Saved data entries
lemma stat_compact_empty: "stat_compact (subtopology X {})"
  unfolding stat_compact_def nonthin_iff_not_density_zero by (auto simp: density_zero_empty)

lemma stat_compact_subseq_in_superset:
  assumes "stat_compact (subtopology X C)" "C \<subseteq> D"
    and "nonthin M" "\<forall>n\<in>M. x n \<in> topspace X \<inter> C"
  obtains N a where "N \<subseteq> M" "nonthin N" "stat_conv (subtopology X D) N x a" "a \<in> C"
proof -
  have "\<forall>n\<in>M. x n \<in> topspace (subtopology X C)"
    using assms(4) by simp
  then obtain N a where N: "N \<subseteq> M" "nonthin N" "stat_conv (subtopology X C) N x a"
    using assms(1,3) unfolding stat_compact_def by blast
  moreover have "a \<in> C"
    using N(3) by (simp add: stat_conv_def)
  ultimately have "stat_conv (subtopology X D) N x a"
    using assms(2,4) by (intro stat_conv_subtopology_mono[OF N(3)]) auto
  with N \<open>a \<in> C\<close> that show ?thesis by blast
qed

lemma stat_compact_closedin_subset:
  assumes C: "stat_compact (subtopology X C)" and D: "closedin X D" "D \<subseteq> C"
  shows "stat_compact (subtopology X D)"
  unfolding stat_compact_def
proof (intro allI impI)
  fix M x assume Mx: "nonthin M \<and> (\<forall>n\<in>M. x n \<in> topspace (subtopology X D))"
  then obtain N a where N: "N \<subseteq> M" "nonthin N" "stat_conv (subtopology X C) N x a"
    using C D(2) unfolding stat_compact_def by (metis topspace_subtopology Int_iff subsetD)
  have "a \<in> D"
  proof (rule ccontr)
    assume "a \<notin> D"
    then have "openin (subtopology X C) ((topspace X - D) \<inter> C) \<and> a \<in> (topspace X - D) \<inter> C"
      using N(3) D(1) unfolding stat_conv_def by (auto intro: openin_subtopology_Int openin_diff)
    then have "density_zero {n \<in> N. x n \<notin> (topspace X - D) \<inter> C}"
      using N(3) unfolding stat_conv_def by blast
    moreover have "{n \<in> N. x n \<notin> (topspace X - D) \<inter> C} = N"
      using N(1) Mx by auto
    ultimately show False
      using N(2) nonthin_iff_not_density_zero by auto
  qed
  then have "stat_conv (subtopology X D) N x a"
    using N(1) Mx D(2) by (intro stat_conv_subtopology_mono[OF N(3)]) auto
  with N show "\<exists>N\<subseteq>M. nonthin N \<and> (\<exists>a. stat_conv (subtopology X D) N x a)"
    by blast
qed
lemma fun_upd_in_dir_seqs: "d \<in> dir_seqs M \<Longrightarrow> i < M \<Longrightarrow> d(i := y) \<in> dir_seqs M"
  unfolding dir_seqs_def PiE_dflt_def by auto

lemma avg_add: "avg M (\<lambda>d. f d + g d) = avg M f + avg M g"
  unfolding avg_def by (simp add: sum.distrib add_divide_distrib)

lemma avg_diff: "avg M (\<lambda>d. f d - g d) = avg M f - avg M g"
  unfolding avg_def by (simp add: sum_subtractf diff_divide_distrib)

lemma avg_cmult: "avg M (\<lambda>d. c * f d) = c * avg M f"
  unfolding avg_def by (simp add: sum_distrib_left[symmetric])

lemma avg_sum: "avg M (\<lambda>d. \<Sum>t\<in>T. f t d) = (\<Sum>t\<in>T. avg M (f t))"
  unfolding avg_def by (cases "finite T") (simp_all add: sum.swap[of _ T] sum_divide_distrib)

lemma avg_mono:
  fixes f g :: "(nat \<Rightarrow> 'n::finite) \<Rightarrow> real"
  shows "(\<And>d. f d \<le> g d) \<Longrightarrow> avg M f \<le> avg M g"
  unfolding avg_def using card_dir_seqs_pos[of M] by (intro divide_right_mono sum_mono) auto

lemma avg_nonneg:
  fixes f :: "(nat \<Rightarrow> 'n::finite) \<Rightarrow> real"
  shows "(\<And>d. 0 \<le> f d) \<Longrightarrow> 0 \<le> avg M f"
  unfolding avg_def by (simp add: sum_nonneg)

lemma sum_fun_upd_swap:
  fixes f :: "(nat \<Rightarrow> 'n) \<Rightarrow> 'a::comm_monoid_add" and S :: "(nat \<Rightarrow> 'n) set"
  assumes upd: "\<And>d y. d \<in> S \<Longrightarrow> d(i := y) \<in> S"
  shows "(\<Sum>(d, y)\<in>S \<times> UNIV. f (d(i := y))) = (\<Sum>(d, y)\<in>S \<times> (UNIV :: 'n set). f d)"
proof -
  define \<phi> :: "(nat \<Rightarrow> 'n) \<times> 'n \<Rightarrow> (nat \<Rightarrow> 'n) \<times> 'n" where "\<phi> = (\<lambda>(d, y). (d(i := y), d i))"
  have "bij_betw \<phi> (S \<times> UNIV) (S \<times> UNIV)"
    by (rule bij_betw_byWitness[where f' = \<phi>]) (auto simp: \<phi>_def upd)
  from sum.reindex_bij_betw[OF this, of "\<lambda>(d, y). f d"] show ?thesis
    by (simp add: \<phi>_def case_prod_beta)
qed

lemma avg_resample:
  fixes f :: "(nat \<Rightarrow> 'n::finite) \<Rightarrow> real"
  assumes "i < M"
  shows "avg M f = avg M (\<lambda>d. (\<Sum>y\<in>UNIV. f (d(i := y))) / real CARD('n))"
proof -
  have "(\<Sum>d\<in>dir_seqs M. \<Sum>y\<in>UNIV. f (d(i := y))) = (\<Sum>(d, y)\<in>dir_seqs M \<times> UNIV. f (d(i := y)))"
    by (simp add: sum.cartesian_product)
  also have "\<dots> = (\<Sum>(d, y)\<in>dir_seqs M \<times> (UNIV :: 'n set). f d)"
    by (rule sum_fun_upd_swap) (use fun_upd_in_dir_seqs assms in auto)
  also have "\<dots> = real CARD('n) * (\<Sum>d\<in>dir_seqs M. f d)"
    by (simp add: sum.cartesian_product[symmetric] sum_distrib_left)
  finally show ?thesis unfolding avg_def by (simp add: sum_divide_distrib[symmetric])
qed

lemma expectation_Pi_pmf_eq_avg:
  fixes F :: "(nat \<Rightarrow> 'n::finite) \<Rightarrow> real"
  assumes "m \<le> M" and prefix: "\<And>d d'. (\<And>l. l < m \<Longrightarrow> d l = d' l) \<Longrightarrow> F d = F d'"
  shows "measure_pmf.expectation (Pi_pmf {..<m} undefined (\<lambda>_. pmf_of_set UNIV)) F = avg M F"
proof -
  have "Pi_pmf {..<m} undefined (\<lambda>_. pmf_of_set (UNIV :: 'n set)) =
      map_pmf (\<lambda>f x. if x \<in> {..<m} then f x else undefined) (Pi_pmf {..<M} undefined (\<lambda>_. pmf_of_set UNIV))"
    by (rule Pi_pmf_subset) (use assms in auto)
  then have "measure_pmf.expectation (Pi_pmf {..<m} undefined (\<lambda>_. pmf_of_set UNIV)) F =
      measure_pmf.expectation (Pi_pmf {..<M} undefined (\<lambda>_. pmf_of_set (UNIV :: 'n set)))
        (\<lambda>f. F (\<lambda>x. if x \<in> {..<m} then f x else undefined))"
    by (simp add: integral_map_pmf)
  also have "\<dots> = measure_pmf.expectation (Pi_pmf {..<M} undefined (\<lambda>_. pmf_of_set UNIV)) F"
    by (intro arg_cong[where f = "measure_pmf.expectation _"] ext prefix[symmetric]) auto
  also have "Pi_pmf {..<M} undefined (\<lambda>_. pmf_of_set (UNIV :: 'n set)) = pmf_of_set (dir_seqs M)"
    unfolding dir_seqs_def by (rule Pi_pmf_of_set) auto
  also have "measure_pmf.expectation (pmf_of_set (dir_seqs M)) F = avg M F"
    unfolding avg_def by (rule integral_pmf_of_set) (auto simp: finite_dir_seqs dir_seqs_def)
  finally show ?thesis .
qed

definition max_mean_abs_row :: "real^'n::finite^'n \<Rightarrow> real" where
  "max_mean_abs_row A = Max (range (\<lambda>l. (\<Sum>r\<in>UNIV. \<bar>A $ l $ r\<bar>) / real CARD('n)))"

lemma mean_abs_row_le:
  fixes A :: "real^'n::finite^'n"
  shows "(\<Sum>r\<in>UNIV. \<bar>A $ l $ r\<bar>) / real CARD('n) \<le> max_mean_abs_row A"
  unfolding max_mean_abs_row_def by (rule Max_ge) auto

lemma max_mean_abs_row_nonneg:
  fixes A :: "real^'n::finite^'n"
  shows "0 \<le> max_mean_abs_row A"
proof -
  have "0 \<le> (\<Sum>r\<in>UNIV. \<bar>A $ undefined $ r\<bar>) / real CARD('n)" by (simp add: sum_nonneg)
  then show ?thesis using mean_abs_row_le order_trans by blast
qed

lemma avg_abs_entry_le:
  fixes A :: "real^'n::finite^'n"
  assumes "i < M" and F_indep: "\<And>d y. F (d(i := y)) = F d" and F_nonneg: "\<And>d. 0 \<le> F d"
    and r_indep: "\<And>d y. r (d(i := y)) = r d"
  shows "avg M (\<lambda>d. \<bar>A $ r d $ d i\<bar> * F d) \<le> max_mean_abs_row A * avg M F"
proof -
  have "avg M (\<lambda>d. \<bar>A $ r d $ d i\<bar> * F d)
      = avg M (\<lambda>d. (\<Sum>y\<in>UNIV. \<bar>A $ r d $ y\<bar> * F d) / real CARD('n))"
    by (subst avg_resample[OF \<open>i < M\<close>]) (simp add: F_indep r_indep)
  also have "\<dots> \<le> avg M (\<lambda>d. max_mean_abs_row A * F d)"
  proof (rule avg_mono)
    fix d
    have "(\<Sum>y\<in>UNIV. \<bar>A $ r d $ y\<bar> * F d) / real CARD('n)
        = (\<Sum>y\<in>UNIV. \<bar>A $ r d $ y\<bar>) / real CARD('n) * F d"
      by (simp add: sum_distrib_right[symmetric])
    also have "\<dots> \<le> max_mean_abs_row A * F d" by (rule mult_right_mono[OF mean_abs_row_le F_nonneg])
    finally show "(\<Sum>y\<in>UNIV. \<bar>A $ r d $ y\<bar> * F d) / real CARD('n) \<le> max_mean_abs_row A * F d" .
  qed
  finally show ?thesis by (simp add: avg_cmult)
qed

lemma power_le_half_of_ln:
  fixes q :: real
  assumes "0 < q" "q < 1" "ln (1/2) / ln q \<le> real m"
  shows "q ^ m \<le> 1/2"
proof -
  have "ln q < 0" using assms by simp
  then have "real m * ln q \<le> ln (1/2)" using assms(3) by (simp add: divide_le_eq mult.commute)
  then have "ln (q ^ m) \<le> ln (1/2)" using assms by (simp add: ln_realpow)
  then show ?thesis using assms by simp
qed

lemma geometric_sum_ge:
  fixes q :: real
  assumes "q < 1" "q ^ L \<le> 1/2"
  shows "1 / (2 * (1 - q)) \<le> (\<Sum>i<L. q ^ i)"
proof -
  have "1 / (2 * (1 - q)) = (1/2) / (1 - q)" by simp
  also have "\<dots> \<le> (1 - q ^ L) / (1 - q)" using assms by (intro divide_right_mono) auto
  also have "\<dots> = (\<Sum>i<L. q ^ i)" using assms by (simp add: sum_gp_strict)
  finally show ?thesis .
qed
lemma rational_lpar [intro]: "rational L \<Longrightarrow> rational M \<Longrightarrow> rational (lpar L M)"
  unfolding rational_def by (metis sem.simps(6))

lemma rational_lstar [intro]: "rational L \<Longrightarrow> rational (lstar L)"
  unfolding rational_def by (metis sem.simps(7))

lemma rational_UN [intro]: "finite I \<Longrightarrow> (\<And>i. i \<in> I \<Longrightarrow> rational (F i)) \<Longrightarrow> rational (\<Union>i\<in>I. F i)"
  by (induction rule: finite_induct) auto

section \<open>Runs as sequences of transitions\<close>

lemma pom_par_list_sp: "set Us \<subseteq> sp \<Longrightarrow> pom_par_list Us \<in> sp"
  by (induction Us) (simp_all add: pom_par_list_def sp.intros)

lemma run_sp: "run A q U q' \<Longrightarrow> U \<in> sp"
proof (induction rule: run.induct)
  case (run_par q' q qs Us)
  then show ?case by (intro pom_par_list_sp) (auto simp: in_set_conv_nth)
qed (auto intro: sp.intros)

definition fork_lang :: "'a pa \<Rightarrow> nat multiset \<Rightarrow> 'a pomset set" where
  "fork_lang A \<phi> = {pom_par_list Us | Us qs. mset qs = \<phi> \<and> list_all2 (\<lambda>U q. U \<in> lang_pa A q) Us qs}"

## [Work request]
Find each line in the records above that contains "metis", and copy it.

## [Exercise response]
    using C D(2) unfolding stat_compact_def by (metis topspace_subtopology Int_iff subsetD)
  unfolding rational_def by (metis sem.simps(6))
  unfolding rational_def by (metis sem.simps(7))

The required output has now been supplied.